● TASK MATERIAL:
lemma refl_comp_inversion_decomposition_iff:
  assumes w: "w \<in> weyl_group R" and a: "a \<in> P"
  shows "(\<exists>b\<in>inversions (refl a \<circ> w). \<exists>d\<in>inversions (refl a \<circ> w). a = b + d)
    \<longleftrightarrow> (\<exists>b\<in>P \<inter> w ` P. \<exists>d\<in>P \<inter> w ` P. a = b + d)"
proof -
  have inversions_iff: "x \<in> inversions (refl a \<circ> w) \<longleftrightarrow> x \<in> P \<and> x \<in> (refl a \<circ> w) ` uminus ` P" for x
    by (simp only: inversions_def Int_iff)
  have swap: "b \<in> inversions (refl a \<circ> w) \<and> d \<in> inversions (refl a \<circ> w)
      \<longleftrightarrow> d \<in> P \<inter> w ` P \<and> b \<in> P \<inter> w ` P"
    if "b \<in> P" "d \<in> P" "a = b + d" for b d
  proof -
    have "b \<in> inversions (refl a \<circ> w) \<longleftrightarrow> d \<in> w ` P"
      using refl_comp_neg_image_iff_of_sum[OF w a that] inversions_iff[of b] that(1) by simp
    moreover have "d \<in> inversions (refl a \<circ> w) \<longleftrightarrow> b \<in> w ` P"
      using refl_comp_neg_image_iff_of_sum[OF w a that(2,1)] inversions_iff[of d] that
      by (simp add: add.commute)
    ultimately show ?thesis
      using that by blast
  qed
  show ?thesis
  proof
    assume "\<exists>b\<in>inversions (refl a \<circ> w). \<exists>d\<in>inversions (refl a \<circ> w). a = b + d"
    then obtain b d where "b \<in> inversions (refl a \<circ> w)" "d \<in> inversions (refl a \<circ> w)" "a = b + d"
      by blast
    then show "\<exists>b\<in>P \<inter> w ` P. \<exists>d\<in>P \<inter> w ` P. a = b + d"
      using swap[of b d] inversions_iff add.commute[of b d] by blast
  next
    assume "\<exists>b\<in>P \<inter> w ` P. \<exists>d\<in>P \<inter> w ` P. a = b + d"
    then obtain b d where "b \<in> P \<inter> w ` P" "d \<in> P \<inter> w ` P" "a = b + d"
      by blast
    then show "\<exists>b\<in>inversions (refl a \<circ> w). \<exists>d\<in>inversions (refl a \<circ> w). a = b + d"
      using swap[of d b] add.commute[of b d] by blast
  qed
qed

lemma length_refl_comp_non_inversion:
  assumes w: "w \<in> weyl_group R" and a: "a \<in> P \<inter> w ` P"
  shows "int (weyl_length D (refl a \<circ> w)) = int (weyl_length D w) + 1 \<longleftrightarrow>
    \<not> (\<exists>b\<in>P \<inter> w ` P. \<exists>d\<in>P \<inter> w ` P. a = b + d)"
proof -
  define u where "u = refl a \<circ> w"
  have aP: "a \<in> P"
    using a by blast
  have u: "u \<in> weyl_group R"
    unfolding u_def using w pos_root[OF aP] by (rule weyl_group.weyl_step[rotated])
  have "refl a \<circ> u = w"
    using pos_root_nonzero[OF aP] by (simp add: u_def fun_eq_iff)
  have "a \<in> (refl a \<circ> w) ` uminus ` P"
    unfolding refl_comp_image_iff[OF pos_root_nonzero[OF aP]]
      refl_self[OF pos_root_nonzero[OF aP]] weyl_group_uminus_neg_image_iff[OF w]
    using a by blast
  then have "a \<in> inversions u"
    using aP by (simp add: inversions_def u_def)
  then have "int (weyl_length D w) = int (weyl_length D u) - 1 \<longleftrightarrow>
      \<not> (\<exists>b\<in>P \<inter> w ` P. \<exists>d\<in>P \<inter> w ` P. a = b + d)"
    using length_refl_comp_inversion[OF u \<open>a \<in> inversions u\<close>]
      refl_comp_inversion_decomposition_iff[OF w aP, folded u_def]
    unfolding \<open>refl a \<circ> u = w\<close> by simp
  moreover have "int (weyl_length D u) = int (weyl_length D w) + 1
      \<longleftrightarrow> int (weyl_length D w) = int (weyl_length D u) - 1"
    by linarith
  ultimately show ?thesis
    unfolding u_def[symmetric] by blast
qed

end

theorem mainTheorem14:
  fixes R P D :: "'a::euclidean_space set" and w :: "'a \<Rightarrow> 'a" and \<alpha> :: 'a
  assumes "simply_laced_root_system R"
    and "positive_system R P"
    and "simple_system P D"
    and "w \<in> weyl_group R"
  shows "(\<alpha> \<in> P \<inter> w ` (uminus ` P) \<longrightarrow>
           (int (weyl_length D (refl \<alpha> \<circ> w)) = int (weyl_length D w) - 1 \<longleftrightarrow>
            \<not> (\<exists>\<beta>\<in>P \<inter> w ` (uminus ` P). \<exists>\<delta>\<in>P \<inter> w ` (uminus ` P). \<alpha> = \<beta> + \<delta>)))
       \<and> (\<alpha> \<in> P \<inter> w ` P \<longrightarrow>
           (int (weyl_length D (refl \<alpha> \<circ> w)) = int (weyl_length D w) + 1 \<longleftrightarrow>
            \<not> (\<exists>\<beta>\<in>P \<inter> w ` P. \<exists>\<delta>\<in>P \<inter> w ` P. \<alpha> = \<beta> + \<delta>)))"
proof -
  obtain v where "\<forall>a\<in>R. v \<bullet> a \<noteq> 0" "P = {a\<in>R. v \<bullet> a > 0}"
    using assms(2) unfolding positive_system_def by blast
  moreover have "root_system R" "reduced R" "\<forall>a\<in>R. \<forall>b\<in>R. a \<bullet> a = b \<bullet> b"
    using assms(1) unfolding simply_laced_root_system_def by blast+
  ultimately interpret simply_laced_positive_system R P D v
    using assms(3) by unfold_locales
  show ?thesis
    using length_refl_comp_inversion[OF assms(4)] length_refl_comp_non_inversion[OF assms(4)]
    unfolding inversions_def by blast
qed

end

● WHAT IS NEEDED: Could you transcribe every entry exactly, without altering anything?

● TASK OUTPUT:
lemma refl_comp_inversion_decomposition_iff:
  assumes w: "w \<in> weyl_group R" and a: "a \<in> P"
  shows "(\<exists>b\<in>inversions (refl a \<circ> w). \<exists>d\<in>inversions (refl a \<circ> w). a = b + d)
    \<longleftrightarrow> (\<exists>b\<in>P \<inter> w ` P. \<exists>d\<in>P \<inter> w ` P. a = b + d)"
proof -
  have inversions_iff: "x \<in> inversions (refl a \<circ> w) \<longleftrightarrow> x \<in> P \<and> x \<in> (refl a \<circ> w) ` uminus ` P" for x
    by (simp only: inversions_def Int_iff)
  have swap: "b \<in> inversions (refl a \<circ> w) \<and> d \<in> inversions (refl a \<circ> w)
      \<longleftrightarrow> d \<in> P \<inter> w ` P \<and> b \<in> P \<inter> w ` P"
    if "b \<in> P" "d \<in> P" "a = b + d" for b d
  proof -
    have "b \<in> inversions (refl a \<circ> w) \<longleftrightarrow> d \<in> w ` P"
      using refl_comp_neg_image_iff_of_sum[OF w a that] inversions_iff[of b] that(1) by simp
    moreover have "d \<in> inversions (refl a \<circ> w) \<longleftrightarrow> b \<in> w ` P"
      using refl_comp_neg_image_iff_of_sum[OF w a that(2,1)] inversions_iff[of d] that
      by (simp add: add.commute)
    ultimately show ?thesis
      using that by blast
  qed
  show ?thesis
  proof
    assume "\<exists>b\<in>inversions (refl a \<circ> w). \<exists>d\<in>inversions (refl a \<circ> w). a = b + d"
    then obtain b d where "b \<in> inversions (refl a \<circ> w)" "d \<in> inversions (refl a \<circ> w)" "a = b + d"
      by blast
    then show "\<exists>b\<in>P \<inter> w ` P. \<exists>d\<in>P \<inter> w ` P. a = b + d"
      using swap[of b d] inversions_iff add.commute[of b d] by blast
  next
    assume "\<exists>b\<in>P \<inter> w ` P. \<exists>d\<in>P \<inter> w ` P. a = b + d"
    then obtain b d where "b \<in> P \<inter> w ` P" "d \<in> P \<inter> w ` P" "a = b + d"
      by blast
    then show "\<exists>b\<in>inversions (refl a \<circ> w). \<exists>d\<in>inversions (refl a \<circ> w). a = b + d"
      using swap[of d b] add.commute[of b d] by blast
  qed
qed

lemma length_refl_comp_non_inversion:
  assumes w: "w \<in> weyl_group R" and a: "a \<in> P \<inter> w ` P"
  shows "int (weyl_length D (refl a \<circ> w)) = int (weyl_length D w) + 1 \<longleftrightarrow>
    \<not> (\<exists>b\<in>P \<inter> w ` P. \<exists>d\<in>P \<inter> w ` P. a = b + d)"
proof -
  define u where "u = refl a \<circ> w"
  have aP: "a \<in> P"
    using a by blast
  have u: "u \<in> weyl_group R"
    unfolding u_def using w pos_root[OF aP] by (rule weyl_group.weyl_step[rotated])
  have "refl a \<circ> u = w"
    using pos_root_nonzero[OF aP] by (simp add: u_def fun_eq_iff)
  have "a \<in> (refl a \<circ> w) ` uminus ` P"
    unfolding refl_comp_image_iff[OF pos_root_nonzero[OF aP]]
      refl_self[OF pos_root_nonzero[OF aP]] weyl_group_uminus_neg_image_iff[OF w]
    using a by blast
  then have "a \<in> inversions u"
    using aP by (simp add: inversions_def u_def)
  then have "int (weyl_length D w) = int (weyl_length D u) - 1 \<longleftrightarrow>
      \<not> (\<exists>b\<in>P \<inter> w ` P. \<exists>d\<in>P \<inter> w ` P. a = b + d)"
    using length_refl_comp_inversion[OF u \<open>a \<in> inversions u\<close>]
      refl_comp_inversion_decomposition_iff[OF w aP, folded u_def]
    unfolding \<open>refl a \<circ> u = w\<close> by simp
  moreover have "int (weyl_length D u) = int (weyl_length D w) + 1
      \<longleftrightarrow> int (weyl_length D w) = int (weyl_length D u) - 1"
    by linarith
  ultimately show ?thesis
    unfolding u_def[symmetric] by blast
qed

end

theorem mainTheorem14:
  fixes R P D :: "'a::euclidean_space set" and w :: "'a \<Rightarrow> 'a" and \<alpha> :: 'a
  assumes "simply_laced_root_system R"
    and "positive_system R P"
    and "simple_system P D"
    and "w \<in> weyl_group R"
  shows "(\<alpha> \<in> P \<inter> w ` (uminus ` P) \<longrightarrow>
           (int (weyl_length D (refl \<alpha> \<circ> w)) = int (weyl_length D w) - 1 \<longleftrightarrow>
            \<not> (\<exists>\<beta>\<in>P \<inter> w ` (uminus ` P). \<exists>\<delta>\<in>P \<inter> w ` (uminus ` P). \<alpha> = \<beta> + \<delta>)))
       \<and> (\<alpha> \<in> P \<inter> w ` P \<longrightarrow>
           (int (weyl_length D (refl \<alpha> \<circ> w)) = int (weyl_length D w) + 1 \<longleftrightarrow>
            \<not> (\<exists>\<beta>\<in>P \<inter> w ` P. \<exists>\<delta>\<in>P \<inter> w ` P. \<alpha> = \<beta> + \<delta>)))"
proof -
  obtain v where "\<forall>a\<in>R. v \<bullet> a \<noteq> 0" "P = {a\<in>R. v \<bullet> a > 0}"
    using assms(2) unfolding positive_system_def by blast
  moreover have "root_system R" "reduced R" "\<forall>a\<in>R. \<forall>b\<in>R. a \<bullet> a = b \<bullet> b"
    using assms(1) unfolding simply_laced_root_system_def by blast+
  ultimately interpret simply_laced_positive_system R P D v
    using assms(3) by unfold_locales
  show ?thesis
    using length_refl_comp_inversion[OF assms(4)] length_refl_comp_non_inversion[OF assms(4)]
    unfolding inversions_def by blast
qed

end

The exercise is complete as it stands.